Cohort / File(s)	Summary
Model Registry Configurations `examples/auto_deploy/model_registry/configs/nano_v3.yaml`, `examples/auto_deploy/model_registry/configs/super_v3.yaml`	New YAML config files defining TRT-LLM runtime, compilation backend, batching parameters, KV cache settings, and advanced sharding/MoE transform strategies with per-layer projection mappings (q_proj, k_proj, v_proj, o_proj, etc.) and multi-stream MoE/logits fusion options.
Accuracy Reference Data `tests/integration/defs/accuracy/references/gsm8k.yaml`, `tests/integration/defs/accuracy/references/mmlu.yaml`	Added accuracy benchmark entries for NVIDIA-Nemotron-3-Nano-30B and NVIDIA-Nemotron-3-Super-120B variants with multiple quantization configurations (FP8, NVFP4) and their corresponding accuracy scores.
Test Infrastructure Updates `tests/integration/defs/accuracy/test_llm_api_autodeploy.py`, `tests/test_common/llm_data.py`	Updated TestNemotronNanoV3 and TestNemotronSuperV3 to use hf_id_to_local_model_dir() wrappers for model path resolution; modified enable_attention_dp application logic to use setdefault for detect_sharding; added HuggingFace ID to local model directory mappings for Nano variants (BF16, FP8, NVFP4).
Test Configuration `tests/integration/test_lists/waives.txt`	Removed two SKIP entries related to Nemotron accuracy tests with bf16 configurations.

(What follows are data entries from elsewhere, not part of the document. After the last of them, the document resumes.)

lemma level_set_lap_nodes: "{x \<in> {0..1}. \<phi> x \<in> {0, 1/2, 1}} = lap_nodes ` {..2 * t}"
proof (intro equalityI subsetI)
  fix x assume "x \<in> {x \<in> {0..1}. \<phi> x \<in> {0, 1/2, 1}}"
  then have x: "x \<in> {0..1}" "\<phi> x \<in> {0, 1} \<or> \<phi> x = 1/2" by auto
  from x(2) show "x \<in> lap_nodes ` {..2 * t}"
  proof
    assume "\<phi> x \<in> {0, 1}"
    then obtain i where "i \<le> t" "x = a i" using phi_in_01_iff[OF x(1)] by auto
    then show ?thesis by (intro image_eqI[of _ _ "2 * i"]) (auto simp: lap_nodes_def)
  next
    assume "\<phi> x = 1/2"
    then obtain i where "i < t" "x = mid i" using phi_half_iff[OF x(1)] by auto
    then show ?thesis by (intro image_eqI[of _ _ "2 * i + 1"]) (auto simp: lap_nodes_def)
  qed
next
  fix x assume "x \<in> lap_nodes ` {..2 * t}"
  then obtain j where j: "j \<le> 2 * t" "x = lap_nodes j" by auto
  show "x \<in> {x \<in> {0..1}. \<phi> x \<in> {0, 1/2, 1}}"
  proof (cases "even j")
    case True
    then show ?thesis using j a_range[of "j div 2"] phi_partition[of "j div 2"]
      by (auto simp: lap_nodes_def)
  next
    case False
    then have i: "j div 2 < t" using j by presburger
    then show ?thesis using j False mid[OF i] a_range[of "j div 2"] a_range[of "Suc (j div 2)"]
      by (auto simp: lap_nodes_def)
  qed
qed

lemma tent_preimage_partition:
  assumes x: "x \<in> {0..1}"
  shows "tent x \<in> a ` {..t} \<longleftrightarrow> x \<in> tent_nodes ` {..2 * t}"
proof
  assume "tent x \<in> a ` {..t}"
  then obtain j where j: "j \<le> t" "tent x = a j" by auto
  then have "x = a j / 2 \<or> x = 1 - a j / 2" using tent_eq_iff[OF x a_range[OF j(1)]] by simp
  then show "x \<in> tent_nodes ` {..2 * t}"
  proof
    assume "x = a j / 2"
    then show ?thesis using j(1) by (intro image_eqI[of _ _ j]) (auto simp: tent_nodes_def)
  next
    assume x_eq: "x = 1 - a j / 2"
    show ?thesis
    proof (cases "j = t")
      case True
      then show ?thesis using x_eq a_t by (intro image_eqI[of _ _ t]) (auto simp: tent_nodes_def)
    next
      case False
      then show ?thesis
        using x_eq j(1) by (intro image_eqI[of _ _ "2 * t - j"]) (auto simp: tent_nodes_def)
    qed
  qed
next
  assume "x \<in> tent_nodes ` {..2 * t}"
  then obtain j where j: "j \<le> 2 * t" "x = tent_nodes j" by auto
  show "tent x \<in> a ` {..t}"
  proof (cases "j \<le> t")
    case True
    then have "tent x = a j" using j a_range[of j] by (simp add: tent_nodes_def tent_le_half)
    then show ?thesis using True by auto
  next
    case False
    then show ?thesis using j a_range[of "2 * t - j"]
      by (auto simp: tent_nodes_def tent_ge_half intro!: image_eqI[of _ _ "2 * t - j"])
  qed
qed

lemma level_set_tent_nodes: "{x \<in> {0..1}. \<phi> x \<in> {0, 1/2, 1}} = tent_nodes ` {..2 * t}"
proof -
  have "\<phi> x \<in> {0, 1/2, 1} \<longleftrightarrow> x \<in> tent_nodes ` {..2 * t}" if x: "x \<in> {0..1}" for x
  proof -
    have "\<phi> x \<in> {0, 1/2, 1} \<longleftrightarrow> \<phi> (tent x) \<in> {0, 1}"
      using tent_in_01_iff[OF maps_into[OF x]] commutes[OF x] by simp
    also have "\<dots> \<longleftrightarrow> tent x \<in> a ` {..t}" using phi_in_01_iff tent_range[OF x] by blast
    also have "\<dots> \<longleftrightarrow> x \<in> tent_nodes ` {..2 * t}" using tent_preimage_partition[OF x] .
    finally show ?thesis .
  qed
  moreover have "tent_nodes j \<in> {0..1}" for j
  proof (cases "j \<le> t")
    case False
    then have "a (2 * t - j) \<in> {0..1}" by (intro a_range) simp
    with False show ?thesis by (simp add: tent_nodes_def)
  qed (use a_range[of j] in \<open>simp add: tent_nodes_def\<close>)
  ultimately show ?thesis by blast
qed

lemma lap_nodes_eq_tent_nodes: "j \<le> 2 * t \<Longrightarrow> lap_nodes j = tent_nodes j"
  using strict_mono_on_atMost_image_unique[OF lap_nodes_strict_mono tent_nodes_strict_mono]
    level_set_lap_nodes level_set_tent_nodes by simp

text \<open>Comparing the two enumerations gives \<open>a i = a (2 i) / 2\<close> or \<open>a i = 1 - a (2 t - 2 i) / 2\<close>,
  so the deviation of \<open>a\<close> from the uniform partition at least doubles along \<open>i \<mapsto> 2 i\<close>
  (reflected at \<open>t\<close>), which forces it to vanish.\<close>
lemma a_eq: "i \<le> t \<Longrightarrow> a i = real i / real t"
proof -
  define dev where "dev i = \<bar>a i - real i / real t\<bar>" for i
  define double where "double i = (if 2 * i \<le> t then 2 * i else 2 * t - 2 * i)" for i
  have t: "real t > 0" using t_pos by simp
  have "2 * dev i \<le> dev (double i)" if i: "i \<le> t" for i
  proof -
    have ai: "a i = tent_nodes (2 * i)"
      using lap_nodes_eq_tent_nodes[of "2 * i"] i by (simp add: lap_nodes_def)
    show ?thesis
    proof (cases "2 * i \<le> t")
      case True
      then have "a i = a (2 * i) / 2" by (simp add: ai tent_nodes_def)
      then have eq: "a i - real i / real t = (a (2 * i) - real (2 * i) / real t) / 2"
        by (simp add: field_simps)
      show ?thesis using True unfolding dev_def double_def by (subst eq) simp
    next
      case False
      then have ai': "a i = 1 - a (2 * t - 2 * i) / 2" by (simp add: ai tent_nodes_def)
      have eq: "a i - real i / real t = - (a (2 * t - 2 * i) - real (2 * t - 2 * i) / real t) / 2"
        using t i by (simp add: ai' of_nat_diff field_simps)
      show ?thesis using False unfolding dev_def double_def by (subst eq) simp
    qed
  qed
  moreover have "double ` {..t} \<subseteq> {..t}" by (auto simp: double_def)
  ultimately have "i \<le> t \<Longrightarrow> dev i \<le> 0"
    by (intro bounded_expanding_le_zero[of dev "{..t}" double]) auto
  then show "i \<le> t \<Longrightarrow> a i = real i / real t" by (simp add: dev_def)
qed

lemma mid_eq:
  assumes i: "i < t"
  shows "mid i = (2 * real i + 1) / (2 * real t)"
proof -
  have t: "real t > 0" using t_pos by simp
  have m: "mid i = tent_nodes (2 * i + 1)"
    using lap_nodes_eq_tent_nodes[of "2 * i + 1"] i by (simp add: lap_nodes_def)
  show ?thesis
  proof (cases "2 * i + 1 \<le> t")
    case True
    then show ?thesis using m a_eq[OF True] t by (simp add: tent_nodes_def field_simps)
  next
    case False
    define k where "k = 2 * t - (2 * i + 1)"
    have k: "k \<le> t" "real k = 2 * real t - 2 * real i - 1"
      using False i by (auto simp: k_def of_nat_diff)
    have "mid i = 1 - a k / 2" using m False by (simp add: tent_nodes_def k_def)
    also have "\<dots> = (2 * real i + 1) / (2 * real t)"
      using t by (simp add: a_eq[OF k(1)] k(2) field_simps)
    finally show ?thesis .
  qed
qed

lemma xi_on_lap:
  assumes i: "i < t" and y: "y \<in> {a i..a (Suc i)}"
  shows "xi t y = (if even i then real t * y - real i else 1 - (real t * y - real i))"
proof -
  have t: "real t > 0" using t_pos by simp
  have "0 \<le> real t * y - real i" "real t * y - real i \<le> 1"
    using y a_eq[of i] a_eq[of "Suc i"] i t by (auto simp: field_simps)
  then show ?thesis
    using triangle_wave_of_int_add[of "real t * y - real i" "int i"]
    by (simp add: xi_eq_triangle_wave)
qed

Estimated code review effort

🎯 3 (Moderate) | ⏱️ ~25 minutes

Possibly related PRs

[None][fix] Refactor nanoV3+superV3 accuracy tests to load example config #11458 — Modifies nano/super V3 autodeploy accuracy tests and configs, replacing hard-coded test configurations with example/config-driven MODEL_PATHS and CONFIG_YAML entries with related test logic changes.

Suggested reviewers

suyoggupta
tcherckez-nvidia
marinayanov
jieli-matrix

🚥 Pre-merge checks | ✅ 2 | ❌ 1

❌ Failed checks (1 warning)

Check name	Status	Explanation	Resolution
Docstring Coverage	⚠️ Warning	Docstring coverage is 0.00% which is insufficient. The required threshold is 80.00%.	Write docstrings for the functions missing them to satisfy the coverage threshold.

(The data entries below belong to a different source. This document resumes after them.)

lemma kth_smallest_marked_eq_sum_rank_configs:
  fixes x :: "nat \<Rightarrow> real" and G :: "real \<Rightarrow> 'b :: comm_semiring_1"
  assumes "1 \<le> K" "K \<le> N" "n \<in> {1..N}" "inj_on x {1..N}"
  defines "kt \<equiv> kth_smallest N K (\<lambda>i x. x i)"
  shows "G (kt x) * indicator {x. (x n \<le> kt x) = b} x
       = (\<Sum>m\<in>{1..N}. \<Sum>S\<in>rank_configs N K n b m.
            G (x m) * indicator {x. {i\<in>{1..N}-{m}. x i < x m} = S} x)"
proof -
  have below: "{i\<in>{1..N}. x i < x m} = {i\<in>{1..N}-{m}. x i < x m}" for m
    by auto
  have "G (kt x) * indicator {x. (x n \<le> kt x) = b} x
      = (\<Sum>m\<in>{1..N}. if card {i\<in>{1..N}. x i < x m} = K - 1
           then G (x m) * (if (x n \<le> x m) = b then 1 else 0) else 0)"
    using sum_rank_indicator_kth_smallest[where T="\<lambda>i x. x i" and w=x
        and g="\<lambda>t. G t * (if (x n \<le> t) = b then 1 else 0)", OF assms(1,2,4)]
    by (simp add: kt_def indicator_def)
  also have "\<dots> = (\<Sum>m\<in>{1..N}. \<Sum>S\<in>rank_configs N K n b m.
            G (x m) * indicator {x. {i\<in>{1..N}-{m}. x i < x m} = S} x)"
  proof (rule sum.cong[OF refl])
    fix m assume m: "m \<in> {1..N}"
    let ?B = "{i\<in>{1..N}-{m}. x i < x m}"
    have "(x n \<le> x m) \<longleftrightarrow> n = m \<or> n \<in> ?B"
      using m assms(3) inj_onD[OF assms(4), of n m] by (auto simp: order_le_less)
    then have config: "(card {i\<in>{1..N}. x i < x m} = K - 1 \<and> (x n \<le> x m) = b)
        \<longleftrightarrow> ?B \<in> rank_configs N K n b m"
      unfolding below rank_configs_def by auto
    have "(\<Sum>S\<in>rank_configs N K n b m. G (x m) * indicator {x. {i\<in>{1..N}-{m}. x i < x m} = S} x)
        = G (x m) * (\<Sum>S\<in>rank_configs N K n b m. if ?B = S then 1 else 0)"
      by (simp add: sum_distrib_left indicator_def of_bool_def)
    also have "\<dots> = G (x m) * (if ?B \<in> rank_configs N K n b m then 1 else 0)"
      by (simp only: sum.delta' finite_rank_configs)
    finally show "(if card {i\<in>{1..N}. x i < x m} = K - 1
           then G (x m) * (if (x n \<le> x m) = b then 1 else 0) else 0)
        = (\<Sum>S\<in>rank_configs N K n b m. G (x m) * indicator {x. {i\<in>{1..N}-{m}. x i < x m} = S} x)"
      using config by auto
  qed
  finally show ?thesis .
qed
(* For every $t=0,1,\dots,T-2$ and every $z_m\in Z_\theta$ with $z_m\le I_t$, one has $H_t(z_m)\ge H_t(I_t)$.
   Context: Model. Fix an integer horizon $T\ge 2$, a discount factor $\alpha\in(0,1]$, and for $t=0,\dots,T-1$: unit ordering costs $c_t\in\mathbb R$, a salvage coefficient $c_T\in\mathbb R$, setup costs $K_t\ge 0$, functions $G_t:\mathbb R\to\mathbb R$, and independent nonnegative random demands $D_0,\dots,D_{T-1}$ with right-continuous distribution functions $F_t$ and finite means; all expectations appearing are assumed finite. Put $C_t(y)=(c_t-\alpha c_{t+1})y+G_t(y)+\alpha c_{t+1}E[D_t]$. Standing assumptions: (i) each $C_t$ is convex with $C_t(y)\to+\infty$ as $|y|\to\infty$; (ii) $K_t\ge \alpha K_{t+1}$ for $t=0,\dots,T-2$. Grid construction. Fix $\theta>0$, let $z_m=m\theta$ ($m\in\mathbb Z$), $Z_\theta=\{z_m:m\in\mathbb Z\}$, and $f_t(n)=F_t(z_{n+1})-F_t(z_n)$ for integers $n\ge -1$. Let $C^m_t=\min\{y: C_t(y)=\min_{x}C_t(x)\}$; with $n_0$ the integer such that $z_{n_0}<C^m_t\le z_{n_0+1}$, let $S^U_t=\min\{z_m\in Z_\theta: z_m\ge C^m_t,\ C_t(z_m)>C_t(z_{n_0})+K_t\}$. Let $s_{T-1}$ be a point with $s_{T-1}\le C^m_{T-1}$ and $C_{T-1}(s_{T-1})=C_{T-1}(C^m_{T-1})+K_{T-1}$, and $\bar I_{T-1}=s_{T-1}$. For $t=T-2,\dots,0$: $I_t=\max\{z_m\in Z_\theta: z_m<\min(\bar I_{t+1}-\theta,\,C^m_t)\}$, $\bar I_t=\max\{z_m\in Z_\theta: z_m\le I_t,\ C_t(z_m)>C_t(I_t)+K_t\}+\theta$. Set $H_{T-1}=C_{T-1}$, $S_{T-1}=C^m_{T-1}$. Whenever $H_t,S_t,s_t$ are defined, $V_t(y)=H_t(S_t)+K_t$ for $y<s_t$ and $V_t(y)=H_t(y)$ for $y\ge s_t$. For $t=T-2,\dots,0$: $H_t(y)=C_t(y)+\alpha\sum_{n=-1}^{\infty}V_{t+1}(y-z_n)f_t(n)$; $S_t=\max\{z_m\in Z_\theta: I_t\le z_m\le S^U_t,\ H_t(z_m)=\min\{H_t(z_n): z_n\in Z_\theta,\ I_t\le z_n\le S^U_t\}\}$; $s_t=S_t$ if $K_t=0$, else $s_t=\min\{z_m\in Z_\theta:\bar I_t\le z_m\le S_t,\ H_t(z_m)\le H_t(S_t)+K_t\}$. *)

theory Defs
  imports "HOL-Probability.Probability"
begin

text \<open>Model data. Demand D_t is represented by its distribution (a probability measure
 on the reals); only its distribution function F_t and its mean E[D_t] enter the
 construction.\<close>

record invmodel =
  hor   :: nat
  alpha :: real
  cost  :: "nat \<Rightarrow> real"             (* c_t, t = 0..T (c_T salvage) *)
  Kst :: "nat \<Rightarrow> real"
  Gf    :: "nat \<Rightarrow> real \<Rightarrow> real"
  dem   :: "nat \<Rightarrow> real measure"
  theta :: real

definition Fd :: "invmodel \<Rightarrow> nat \<Rightarrow> real \<Rightarrow> real" where
  "Fd P t x = measure (dem P t) {..x}"

definition ED :: "invmodel \<Rightarrow> nat \<Rightarrow> real" where
  "ED P t = integral\<^sup>L (dem P t) (\<lambda>x. x)"

definition Cf :: "invmodel \<Rightarrow> nat \<Rightarrow> real \<Rightarrow> real" where
  "Cf P t y = (cost P t - alpha P * cost P (Suc t)) * y + Gf P t y
              + alpha P * cost P (Suc t) * ED P t"

definition Cm :: "invmodel \<Rightarrow> nat \<Rightarrow> real" where
  "Cm P t = (LEAST y. \<forall>x. Cf P t y \<le> Cf P t x)"

definition zg :: "invmodel \<Rightarrow> int \<Rightarrow> real" where
  "zg P m = real_of_int m * theta P"

definition Zg :: "invmodel \<Rightarrow> real set" where
  "Zg P = range (zg P)"

definition fd :: "invmodel \<Rightarrow> nat \<Rightarrow> int \<Rightarrow> real" where
  "fd P t n = Fd P t (zg P (n + 1)) - Fd P t (zg P n)"

definition n0 :: "invmodel \<Rightarrow> nat \<Rightarrow> int" where
  "n0 P t = (THE n. zg P n < Cm P t \<and> Cm P t \<le> zg P (n + 1))"

definition SU :: "invmodel \<Rightarrow> nat \<Rightarrow> real" where
  "SU P t = (LEAST x. x \<in> Zg P \<and> x \<ge> Cm P t \<and>
                      Cf P t x > Cf P t (zg P (n0 P t)) + Kst P t)"

definition sLast :: "invmodel \<Rightarrow> real" where
  "sLast P = (SOME s. s \<le> Cm P (hor P - 1) \<and>
        Cf P (hor P - 1) s = Cf P (hor P - 1) (Cm P (hor P - 1)) + Kst P (hor P - 1))"

definition Iof :: "invmodel \<Rightarrow> nat \<Rightarrow> real \<Rightarrow> real" where
  "Iof P t Ibnext = (GREATEST x. x \<in> Zg P \<and> x < min (Ibnext - theta P) (Cm P t))"

definition Ibof :: "invmodel \<Rightarrow> nat \<Rightarrow> real \<Rightarrow> real" where
  "Ibof P t I = (GREATEST x. x \<in> Zg P \<and> x \<le> I \<and> Cf P t x > Cf P t I + Kst P t) + theta P"
lemma piece_subset: "q \<in> S \<Longrightarrow> piece T S q \<subseteq> S"
proof
  fix v assume "q \<in> S" "v \<in> piece T S q"
  then obtain p where p: "v = q @ p" "\<forall>j. 0 < j \<and> j \<le> length p \<longrightarrow> q @ take j p \<in> S"
    using piece_memD by metis
  show "v \<in> S"
  proof (cases "p = []")
    case True then show ?thesis using p \<open>q \<in> S\<close> by simp
  next
    case False then show ?thesis using p(2)[rule_format, of "length p"] p(1) by simp
  qed
qed

lemma card_disjoint_pieces_le:
  assumes QP: "Q \<subseteq> pos T" and A: "A \<subseteq> pos T"
    and H: "separated S Q" and dA: "\<And>q. q \<in> Q \<Longrightarrow> A \<inter> piece T S q = {}"
  shows "card A + (\<Sum>q\<in>Q. card (piece T S q)) \<le> card (pos T)"
proof -
  have fQ: "finite Q" using QP finite_pos finite_subset by blast
  have "(\<Sum>q\<in>Q. card (piece T S q)) = card (\<Union>q\<in>Q. piece T S q)"
    by (rule card_UN_disjoint[symmetric]) (use fQ finite_piece pieces_disjoint[OF H] in auto)
  moreover have "card A + card (\<Union>q\<in>Q. piece T S q) = card (A \<union> (\<Union>q\<in>Q. piece T S q))"
  proof (rule card_Un_disjoint[symmetric])
    show "finite A" using A finite_pos finite_subset by blast
    show "finite (\<Union>q\<in>Q. piece T S q)" using fQ finite_piece by blast
    show "A \<inter> (\<Union>q\<in>Q. piece T S q) = {}" using dA by blast
  qed
  moreover have "card (A \<union> (\<Union>q\<in>Q. piece T S q)) \<le> card (pos T)"
    by (rule card_mono[OF finite_pos]) (use A QP piece_subset_pos in blast)
  ultimately show ?thesis by simp
qed

lemma nverts_piece: "nverts (abst (res S q (sub T q))) = card (piece T S q)"
  by (simp add: nverts_abst card_pos_res card_piece)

✅ Passed checks (2 passed)

Check name	Status	Explanation
Title check	✅ Passed	The title clearly and specifically identifies the main change: updating AutoDeploy accuracy tests to use official nemotron-3 checkpoints, which aligns with the substantial file modifications across test configurations and reference values.
Description check	✅ Passed	The PR description clearly explains the changes, rationale, and includes specific implementation details about checkpoint updates, reference value adjustments, and bug fixes.

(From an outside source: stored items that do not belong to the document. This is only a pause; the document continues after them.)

(* Fix $a\in\mathbb{C}_v$ and $r>0$, and let $F(z)=\sum_{i\ge0}c_i(z-a)^i\in\mathbb{C}_v[[z-a]]$ converge on $D(a,r)$. If $F'$ has no zeros in $D(a,r)$, then $F$ maps $D(a,\kappa r)$ bijectively onto $D(c_0,|c_1|\kappa r)$.
   Context: $\mathbb{C}_v$ is an algebraically closed field of characteristic zero, complete with respect to a nontrivial non-archimedean absolute value $|\cdot|$; $D(a,r)=\{x\in\mathbb{C}_v:|x-a|<r\}$. Let $p$ be the residue characteristic of $\mathbb{C}_v$; define $\kappa:=|p|^{1/(p-1)}$ if $p>0$ and $\kappa:=1$ if $p=0$ (so $0<\kappa\le1$). *)

theory Defs
  imports Complex_Main "HOL-Computational_Algebra.Polynomial" "HOL-Computational_Algebra.Primes"
begin

definition nonarch_abs :: "('a::field \<Rightarrow> real) \<Rightarrow> bool" where
  "nonarch_abs av \<longleftrightarrow>
     (\<forall>x. av x \<ge> 0) \<and> (\<forall>x. av x = 0 \<longleftrightarrow> x = 0) \<and>
     (\<forall>x y. av (x * y) = av x * av y) \<and>
     (\<forall>x y. av (x + y) \<le> max (av x) (av y))"

definition nontrivial_abs :: "('a::field \<Rightarrow> real) \<Rightarrow> bool" where
  "nontrivial_abs av \<longleftrightarrow> (\<exists>x. x \<noteq> 0 \<and> av x \<noteq> 1)"

definition complete_abs :: "('a::field \<Rightarrow> real) \<Rightarrow> bool" where
  "complete_abs av \<longleftrightarrow>
     (\<forall>X::nat \<Rightarrow> 'a. (\<forall>e>0. \<exists>N. \<forall>m\<ge>N. \<forall>n\<ge>N. av (X m - X n) < e) \<longrightarrow>
        (\<exists>L. (\<lambda>n. av (X n - L)) \<longlonglongrightarrow> 0))"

_{✏️ Tip: You can configure your own custom pre-merge checks in the settings.}

✨ Finishing Touches

🧪 Generate unit tests (beta)

Create PR with unit tests
Post copyable unit tests in a comment

📝 Coding Plan

Generate coding plan for human review comments

_{Comment @coderabbitai help to get the list of available commands and usage tips.}

Tip

CodeRabbit can use your project's `pylint` configuration to improve the quality of Python code reviews.

Add a pylint configuration file to your project to customize how CodeRabbit runs pylint.

tensorrt-cicd · 2026-03-16T12:31:24Z

PR_Github #39085 [ run ] triggered by Bot. Commit: 925a2e8 Link to invocation

tensorrt-cicd · 2026-03-16T14:26:44Z

PR_Github #39085 [ run ] completed with state SUCCESS. Commit: 925a2e8
/LLM/main/L0_MergeRequest_PR pipeline #30348 (Partly Tested) completed with status: 'FAILURE'

CI Report

⚠️ Action Required:

Please check the failed tests and fix your PR
If you cannot view the failures, ask the CI triggerer to share details
Once fixed, request an NVIDIA team member to trigger CI again

Link to invocation

galagam · 2026-03-16T15:37:47Z

/bot run --stage-list "DGX_B200-4_GPUs-AutoDeploy-1, DGX_H100-4_GPUs-AutoDeploy-1"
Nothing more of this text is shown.